Ventures in Mission

Over the past couple days, I read Ventures in Mission by Paul O. Madsen. It was published in 1968 during the very early days of what we now call the missional church movement. By comparison, Lesslie Newbigin, whose influence generally credits him as the founder of the movement, didn’t begin his ministry in Great Britain until 1974 and his influence didn’t spread to the United States until the 1980s. The term “missional” was coined in 1998 by Darrell Guder.

I bought this book in a thrift store bag sale. Apparently, it is a companion volume to Mandate for Mission by Eugene L. Smith, which I haven’t read.

Madsen divides his book into five sections covering encounters with people, urbanization, society, institutionalism, and self. The book’s main purpose is to provide real-life examples of missional activity. While most books with such a purpose become quickly dated, researchers studying the missional church will find this book a helpful record of early missional experiments, primarily in the United States but also internationally.

Madsen argues that rapid shifts in technology, society, and culture demand the church to undergo a radical transformation. Specifically, churches need to change from a professional ministry model to a lay ministry model, from an institutional “come” mentality to a missional “go” mentality, from teaching private spirituality to promoting social activism, and from an emphasis on individuals to targeting people groups.

The book is remarkable in that it puts forward virtually all the main arguments that the missional church movement promotes today, forty-four years later. While I appreciated Madsen’s emphasis on lay involvement and external focus, I find three things troubling about Madsen’s argument and in certain trends of the missional church movement today.

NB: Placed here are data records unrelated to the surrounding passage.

(* For every integer $t\ge 0$, the two-dimensional continued fractions associated to the operators $$A_t=\begin{pmatrix}0&1&0\\0&0&1\\1&1+t&-t-2\end{pmatrix}\quad\text{and}\quad M_t=\begin{pmatrix}0&0&1\\1&0&-t-5\\0&1&t+6\end{pmatrix}$$ are equivalent.
   Context: Let $n\ge1$. Given $n+1$ hyperplanes through the origin of $\mathbb R^{n+1}$ in general position, their complement consists of $2^{n+1}$ open orthants. For each orthant, the sail is the boundary of the convex hull of all integer points, other than the origin, lying in the closure of that orthant; the union of all $2^{n+1}$ sails is the $n$-dimensional continued fraction associated to these hyperplanes. If $A\in GL(n+1,\mathbb Z)$ has characteristic polynomial irreducible over $\mathbb Q$ with all roots real and distinct, the $n+1$ hyperplanes spanned by the subsets of $n$ of its $n+1$ linearly independent eigenvectors are in general position, and the continued fraction they define is called the continued fraction associated to $A$. Two continued fractions are equivalent if there is a linear transformation of $\mathbb R^{n+1}$ preserving the integer lattice $\mathbb Z^{n+1}$ that maps one onto the other. (Here $n=2$; for every $t\ge0$ both matrices have characteristic polynomial irreducible over $\mathbb Q$ with three distinct real roots, so the associated continued fractions are defined.) *)

theory Defs
  imports "HOL-Analysis.Analysis"
begin

definition int_point :: "real^'n \<Rightarrow> bool" where
  "int_point x \<longleftrightarrow> (\<forall>i. x $ i \<in> \<int>)"

definition eigvecs :: "real^'n^'n \<Rightarrow> (real^'n) set" where
  "eigvecs A = {v. v \<noteq> 0 \<and> (\<exists>l::real. A *v v = l *\<^sub>R v)}"

text \<open>The hyperplanes spanned by n of the n+1 linearly independent eigenvectors
  (here the ambient dimension is CARD('n) = n+1).\<close>
definition eig_hyperplanes :: "real^'n^'n \<Rightarrow> (real^'n) set set" where
  "eig_hyperplanes A =
     {span S | S. S \<subseteq> eigvecs A \<and> independent S \<and> card S = CARD('n) - 1}"

definition orthants :: "(real^'n) set set \<Rightarrow> (real^'n) set set" where
  "orthants Hs = components (UNIV - \<Union>Hs)"

definition sail :: "(real^'n) set \<Rightarrow> (real^'n) set" where
  "sail C = frontier (convex hull {x. x \<in> closure C \<and> int_point x \<and> x \<noteq> 0})"

definition cont_frac :: "(real^'n) set set \<Rightarrow> (real^'n) set" where
  "cont_frac Hs = (\<Union>C \<in> orthants Hs. sail C)"

definition cont_frac_of_matrix :: "real^'n^'n \<Rightarrow> (real^'n) set" where
  "cont_frac_of_matrix A = cont_frac (eig_hyperplanes A)"

definition lattice_preserving :: "real^'n^'n \<Rightarrow> bool" where
  "lattice_preserving P \<longleftrightarrow> invertible P \<and> (\<forall>i j. P $ i $ j \<in> \<int>)
      \<and> (\<forall>i j. matrix_inv P $ i $ j \<in> \<int>)"

definition cf_equivalent :: "(real^'n) set \<Rightarrow> (real^'n) set \<Rightarrow> bool" where
  "cf_equivalent X Y \<longleftrightarrow> (\<exists>P. lattice_preserving P \<and> (\<lambda>x. P *v x) ` X = Y)"

definition A_mat :: "nat \<Rightarrow> real^3^3" where
  "A_mat t = vector [vector [0, 1, 0], vector [0, 0, 1],
                     vector [1, 1 + real t, - real t - 2]]"

definition M_mat :: "nat \<Rightarrow> real^3^3" where
  "M_mat t = vector [vector [0, 0, 1], vector [1, 0, - real t - 5],
                     vector [0, 1, real t + 6]]"

end

theory Submission
  imports Defs
begin

text \<open>
  The matrix \<open>B\<^sub>t = A\<^sub>t\<^sup>2 + (t + 3) A\<^sub>t + 2\<close> is a polynomial in \<open>A\<^sub>t\<close>, and conversely
  \<open>A\<^sub>t = - B\<^sub>t\<^sup>2 + (t + 6) B\<^sub>t - (t + 4)\<close>; hence \<open>A\<^sub>t\<close> and \<open>B\<^sub>t\<close> have the same
  eigenvectors. On the other hand \<open>M\<^sub>t Q\<^sub>t = Q\<^sub>t B\<^sub>t\<close> for an integer matrix \<open>Q\<^sub>t\<close> with
  integer inverse, so \<open>Q\<^sub>t\<close> maps the eigenvectors of \<open>A\<^sub>t\<close> onto those of \<open>M\<^sub>t\<close>. A linear
  automorphism of the lattice carries hyperplanes, orthants, integer points, convex hulls
  and frontiers to the corresponding objects, so \<open>Q\<^sub>t\<close> maps the continued fraction of
  \<open>A\<^sub>t\<close> onto that of \<open>M\<^sub>t\<close>.
\<close>

lemma components_homeomorphism:
  assumes "homeomorphism S T f g"
  shows "components T = image f ` components S"
proof -
  have "T = f ` S"
    using assms by (simp add: homeomorphism_def)
  then have "components T = (\<lambda>x. connected_component_set T (f x)) ` S"
    by (simp add: components_def image_image)
  also have "\<dots> = (\<lambda>x. f ` connected_component_set S x) ` S"
    using connected_component_set_homeomorphism[OF assms] by simp
  also have "\<dots> = image f ` components S"
    by (simp add: components_def image_image)
  finally show ?thesis .
qed

lemma components_injective_linear_image:
  fixes f :: "'a::euclidean_space \<Rightarrow> 'b::euclidean_space"
  assumes "linear f" "inj f"
  shows "components (f ` S) = image f ` components S"
proof -
  obtain g where "homeomorphism (f ` S) S g f"
    using linear_homeomorphism_image[OF assms] .
  then show ?thesis
    by (rule components_homeomorphism[OF homeomorphism_symD])
qed

lemma frontier_injective_linear_image:
  fixes f :: "'a::euclidean_space \<Rightarrow> 'a"
  assumes "linear f" "inj f"
  shows "frontier (f ` S) = f ` frontier S"
  using assms by (simp add: frontier_def closure_injective_linear_image[symmetric]
      interior_injective_linear_image image_set_diff)

lemma sail_linear_image:
  fixes f :: "real^'n \<Rightarrow> real^'n"
  assumes f: "linear f" "inj f" and int: "\<And>x. int_point (f x) \<longleftrightarrow> int_point x"
  shows "sail (f ` C) = f ` sail C"
proof -
  have "f x = 0 \<longleftrightarrow> x = 0" for x
    using f by (metis injD linear_0)
  then have "{x. x \<in> closure (f ` C) \<and> int_point x \<and> x \<noteq> 0}
      = f ` {x. x \<in> closure C \<and> int_point x \<and> x \<noteq> 0}"
    using int by (auto simp flip: closure_injective_linear_image[OF f])
  then show ?thesis
    unfolding sail_def
    by (simp add: convex_hull_linear_image[OF f(1), symmetric] frontier_injective_linear_image[OF f])
qed

lemma cont_frac_linear_image:
  fixes f :: "real^'n \<Rightarrow> real^'n"
  assumes f: "linear f" "inj f" and int: "\<And>x. int_point (f x) \<longleftrightarrow> int_point x"
  shows "cont_frac (image f ` Hs) = f ` cont_frac Hs"
proof -
  have "surj f"
    using f by (simp add: linear_injective_imp_surjective)
  then have "UNIV - \<Union>(image f ` Hs) = f ` (UNIV - \<Union>Hs)"
    using f(2) by (simp add: image_set_diff image_Union)
  then have "orthants (image f ` Hs) = image f ` orthants Hs"
    unfolding orthants_def by (simp only: components_injective_linear_image[OF f])
  then show ?thesis
    unfolding cont_frac_def by (simp only: image_image sail_linear_image[OF assms] image_UN)
qed

lemma independent_injective_linear_image_iff:
  fixes f :: "'a::euclidean_space \<Rightarrow> 'a"
  assumes f: "linear f" "inj f"
  shows "independent (f ` S) \<longleftrightarrow> independent S"
proof
  obtain g where g: "linear g" "g \<circ> f = id"
    using linear_injective_left_inverse[OF f] by blast
  have "surj f"
    using f by (simp add: linear_injective_imp_surjective)
  with g(2) have "inj g"
    by (metis comp_apply id_apply injI surjD)
  moreover assume "independent (f ` S)"
  ultimately have "independent (g ` f ` S)"
    using linear_independent_injective_image[OF g(1)] inj_on_subset by blast
  then show "independent S"
    by (simp add: image_comp g(2))
next
  assume "independent S"
  then show "independent (f ` S)"
    using linear_independent_injective_image[OF f(1)] inj_on_subset[OF f(2)] by blast
qed

lemma eig_hyperplanes_linear_image:
  fixes f :: "real^'n \<Rightarrow> real^'n"
  assumes f: "linear f" "inj f" and eig: "eigvecs M = f ` eigvecs B"
  shows "eig_hyperplanes M = image f ` eig_hyperplanes B"
proof -
  have card: "card (f ` S) = card S" for S
    using f(2) by (simp add: card_image inj_on_subset)
  have "eig_hyperplanes M =
      {span (f ` S) | S. S \<subseteq> eigvecs B \<and> independent (f ` S) \<and> card (f ` S) = CARD('n) - 1}"
    unfolding eig_hyperplanes_def eig subset_image_iff by blast
  also have "\<dots> = {f ` span S | S. S \<subseteq> eigvecs B \<and> independent S \<and> card S = CARD('n) - 1}"
    by (simp add: independent_injective_linear_image_iff[OF f] card linear_span_image[OF f(1)])
  also have "\<dots> = image f ` eig_hyperplanes B"
    unfolding eig_hyperplanes_def by blast
  finally show ?thesis .
qed

lemma eigvecs_intertwining_subset:
  fixes M Q B :: "real^'n^'n"
  assumes MQ: "M ** Q = Q ** B" and Q: "inj ((*v) Q)"
  shows "(*v) Q ` eigvecs B \<subseteq> eigvecs M"
proof
  fix y assume "y \<in> (*v) Q ` eigvecs B"
  then obtain v l where v: "v \<noteq> 0" "B *v v = l *\<^sub>R v" and y: "y = Q *v v"
    unfolding eigvecs_def by blast
  have "y \<noteq> 0"
    using Q v(1) y by (metis injD matrix_vector_mult_0_right)
  have "M *v y = Q *v (B *v v)"
    by (simp add: y MQ matrix_vector_mul_assoc)
  also have "\<dots> = l *\<^sub>R y"
    by (simp add: y v(2) matrix_vector_mult_scaleR)
  finally show "y \<in> eigvecs M"
    using \<open>y \<noteq> 0\<close> unfolding eigvecs_def by blast
qed

lemma eigvecs_similar:
  fixes M Q B :: "real^'n^'n"
  assumes Q: "invertible Q" and MQ: "M ** Q = Q ** B"
  shows "eigvecs M = (*v) Q ` eigvecs B"
proof (rule subset_antisym)
  obtain P where PQ: "P ** Q = mat 1" and QP: "Q ** P = mat 1"
    using Q invertible_def by blast
  have "B ** P = P ** M"
    by (metis MQ PQ QP matrix_mul_assoc matrix_mul_lid matrix_mul_rid)
  moreover have "inj ((*v) P)"
    using QP matrix_left_invertible_injective by blast
  ultimately have "(*v) Q ` (*v) P ` eigvecs M \<subseteq> (*v) Q ` eigvecs B"
    by (intro image_mono eigvecs_intertwining_subset)
  then show "eigvecs M \<subseteq> (*v) Q ` eigvecs B"
    by (simp add: image_comp o_def matrix_vector_mul_assoc QP)
  show "(*v) Q ` eigvecs B \<subseteq> eigvecs M"
    using MQ PQ matrix_left_invertible_injective eigvecs_intertwining_subset by blast
qed

lemma eigvecs_subset_quadratic:
  fixes A :: "real^'n^'n"
  shows "eigvecs A \<subseteq> eigvecs (a *\<^sub>R mat 1 + b *\<^sub>R A + c *\<^sub>R (A ** A))"
proof
  fix v assume "v \<in> eigvecs A"
  then obtain l where v: "v \<noteq> 0" "A *v v = l *\<^sub>R v"
    unfolding eigvecs_def by blast
  have "(a *\<^sub>R mat 1 + b *\<^sub>R A + c *\<^sub>R (A ** A)) *v v = (a + b * l + c * l * l) *\<^sub>R v"
    by (simp add: matrix_vector_mult_add_rdistrib v(2) matrix_vector_mult_scaleR algebra_simps
        flip: scaleR_matrix_vector_assoc matrix_vector_mul_assoc)
  then show "v \<in> eigvecs (a *\<^sub>R mat 1 + b *\<^sub>R A + c *\<^sub>R (A ** A))"
    using v(1) unfolding eigvecs_def by blast
qed

lemma matrix_inv_eq:
  fixes A B :: "'a::field^'n^'n"
  assumes "A ** B = mat 1"
  shows "matrix_inv A = B"
  unfolding matrix_inv_def
proof (rule some_equality)
  show "A ** B = mat 1 \<and> B ** A = mat 1"
    using assms matrix_left_right_inverse by blast
  fix B' assume "A ** B' = mat 1 \<and> B' ** A = mat 1"
  then show "B' = B"
    by (metis assms matrix_mul_assoc matrix_mul_lid matrix_mul_rid)
qed

lemma invertible_matrix_inv:
  fixes A :: "'a::field^'n^'n"
  assumes "invertible A"
  shows "A ** matrix_inv A = mat 1" "matrix_inv A ** A = mat 1"
proof -
  obtain B where "A ** B = mat 1"
    using assms invertible_right_inverse by blast
  then show "A ** matrix_inv A = mat 1" "matrix_inv A ** A = mat 1"
    by (simp_all add: matrix_inv_eq matrix_left_right_inverse)
qed

lemma int_point_matrix_vector_mult:
  fixes Q :: "real^'n^'n"
  assumes "\<forall>i j. Q $ i $ j \<in> \<int>" and "int_point x"
  shows "int_point (Q *v x)"
  using assms unfolding int_point_def matrix_vector_mult_def
  by (auto intro!: Ints_sum Ints_mult)

lemma lattice_preservingI:
  fixes Q P :: "real^'n^'n"
  assumes "Q ** P = mat 1" "\<forall>i j. Q $ i $ j \<in> \<int>" "\<forall>i j. P $ i $ j \<in> \<int>"
  shows "lattice_preserving Q"
  using assms by (auto simp: lattice_preserving_def invertible_right_inverse matrix_inv_eq)

lemma lattice_preserving_int_point_iff:
  fixes Q :: "real^'n^'n"
  assumes "lattice_preserving Q"
  shows "int_point (Q *v x) \<longleftrightarrow> int_point x"
proof -
  have "matrix_inv Q ** Q = mat 1"
    using assms by (simp add: lattice_preserving_def invertible_matrix_inv)
  then show ?thesis
    using assms int_point_matrix_vector_mult[of Q x] int_point_matrix_vector_mult[of "matrix_inv Q" "Q *v x"]
    by (auto simp: lattice_preserving_def matrix_vector_mul_assoc)
qed

lemma cont_frac_of_matrix_similar:
  fixes M Q B A :: "real^'n^'n"
  assumes Q: "lattice_preserving Q" and MQ: "M ** Q = Q ** B" and BA: "eigvecs B = eigvecs A"
  shows "cont_frac_of_matrix M = (*v) Q ` cont_frac_of_matrix A"
proof -
  have "invertible Q"
    using Q by (simp add: lattice_preserving_def)
  then have f: "linear ((*v) Q)" "inj ((*v) Q)"
    by (simp_all add: matrix_vector_mul_linear invertible_eq_bij bij_is_inj)
  have "eig_hyperplanes M = image ((*v) Q) ` eig_hyperplanes A"
    using eigvecs_similar[OF \<open>invertible Q\<close> MQ] BA by (simp add: eig_hyperplanes_linear_image[OF f])
  then show ?thesis
    unfolding cont_frac_of_matrix_def
    by (simp add: cont_frac_linear_image[OF f lattice_preserving_int_point_iff[OF Q]])
qed

definition B_mat :: "nat \<Rightarrow> real^3^3" where
  "B_mat t = vector [vector [2, real t + 3, 1], vector [1, real t + 3, 1],
                     vector [1, real t + 2, 1]]"

definition Q_mat :: "nat \<Rightarrow> real^3^3" where
  "Q_mat t = vector [vector [1, real t + 2, - real t - 4], vector [0, - real t - 5, real t + 6],
                     vector [0, 1, -1]]"

lemmas mat3_simps = vec_eq_iff forall_3 sum_3 matrix_matrix_mult_def mat_def
  A_mat_def M_mat_def B_mat_def Q_mat_def

lemma B_mat_eq_quadratic_A:
  "B_mat t = 2 *\<^sub>R mat 1 + (real t + 3) *\<^sub>R A_mat t + 1 *\<^sub>R (A_mat t ** A_mat t)"
  by (simp add: mat3_simps algebra_simps)

lemma A_mat_eq_quadratic_B:
  "A_mat t = (- real t - 4) *\<^sub>R mat 1 + (real t + 6) *\<^sub>R B_mat t + (-1) *\<^sub>R (B_mat t ** B_mat t)"
  by (simp add: mat3_simps algebra_simps)

lemma eigvecs_B_mat_eq: "eigvecs (B_mat t) = eigvecs (A_mat t)"
proof (rule subset_antisym)
  show "eigvecs (B_mat t) \<subseteq> eigvecs (A_mat t)"
    unfolding A_mat_eq_quadratic_B[of t] by (rule eigvecs_subset_quadratic)
  show "eigvecs (A_mat t) \<subseteq> eigvecs (B_mat t)"
    unfolding B_mat_eq_quadratic_A[of t] by (rule eigvecs_subset_quadratic)
qed

lemma M_mat_Q_mat: "M_mat t ** Q_mat t = Q_mat t ** B_mat t"
  by (simp add: mat3_simps algebra_simps)

lemma lattice_preserving_Q_mat: "lattice_preserving (Q_mat t)"
proof (rule lattice_preservingI)
  let ?P = "vector [vector [1, 2, real t + 8], vector [0, 1, real t + 6],
                    vector [0, 1, real t + 5]] :: real^3^3"
  show "Q_mat t ** ?P = mat 1"
    by (simp add: mat3_simps algebra_simps)
  show "\<forall>i j. Q_mat t $ i $ j \<in> \<int>" "\<forall>i j. ?P $ i $ j \<in> \<int>"
    by (simp_all add: forall_3 Q_mat_def)
qed

theorem mainTheorem2:
  fixes t :: nat
  shows "cf_equivalent (cont_frac_of_matrix (A_mat t)) (cont_frac_of_matrix (M_mat t))"
proof -
  have "cont_frac_of_matrix (M_mat t) = (*v) (Q_mat t) ` cont_frac_of_matrix (A_mat t)"
    by (rule cont_frac_of_matrix_similar[OF lattice_preserving_Q_mat M_mat_Q_mat eigvecs_B_mat_eq])
  then show ?thesis
    unfolding cf_equivalent_def using lattice_preserving_Q_mat by blast
qed

end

First, I am troubled by the argument that the church must change its identity due to developments in technology and shifts in culture. Sure, we must adapt to such things, but to say we need a new identity goes a bit far. In arguing what the church needs to be, the missional church tends to forget what the church has always been and will be for eternity.

Second, I find the present emphasis on social activism disconcerting. Christians have always had a concern for the poor and an emphasis on loving their neighbors. However, Madsen argues that the church should emphasize social action in place of personal spirituality. That’s like tossing out the eggs to make room for more chickens. Also, the missional church movement takes upon itself to accomplish the missio dei (“mission of God”). Thus Christians should be involved in doing everything God is doing in the world. However, God does a lot of things without asking for our help. He judges and punishes the world for sin. Are we to help God with that? If not, then why do we think He needs our help controlling climate change? Why don’t we instead talk about the missio ecclesiae (“mission of the church”)? Christians should stop trying to take part in everything they think God is doing in the world and instead focus on doing what He has told us to do.

Third, Madsen argues that the church needs to target people groups rather than individuals. We see the fulfillment of his vision in modern American evangelicalism. We have ethnic churches, biker churches, seeker churches, indie rocker churches, and churches for virtually every other segment of society. Missionaries no longer go to countries but to “the such-and-such people of” a country. While this is great marketing, where is the overall unity of the body of Christ in all this? Shouldn’t we be building a church where we are neither Jew nor Greek, biker nor automobilist, urban nor suburb? Our unity should be found in Christ, not our ethnicity or musical preference. The church needs to reach every person in society, but if we segment our ministries to target specific people groups, we surrender the unity of our diversity being lost in Christ.

I will be the first to admit that conservative Christianity as a whole has poorly adapted to cultural change, has failed to address many social problems, and has overlooked many unreached people groups. However, we need to adapt to modern culture without losing our historical identity. We need to address social problems without losing our primary focus on personal spirituality. We need to reach a diverse world without losing our unity in Christ.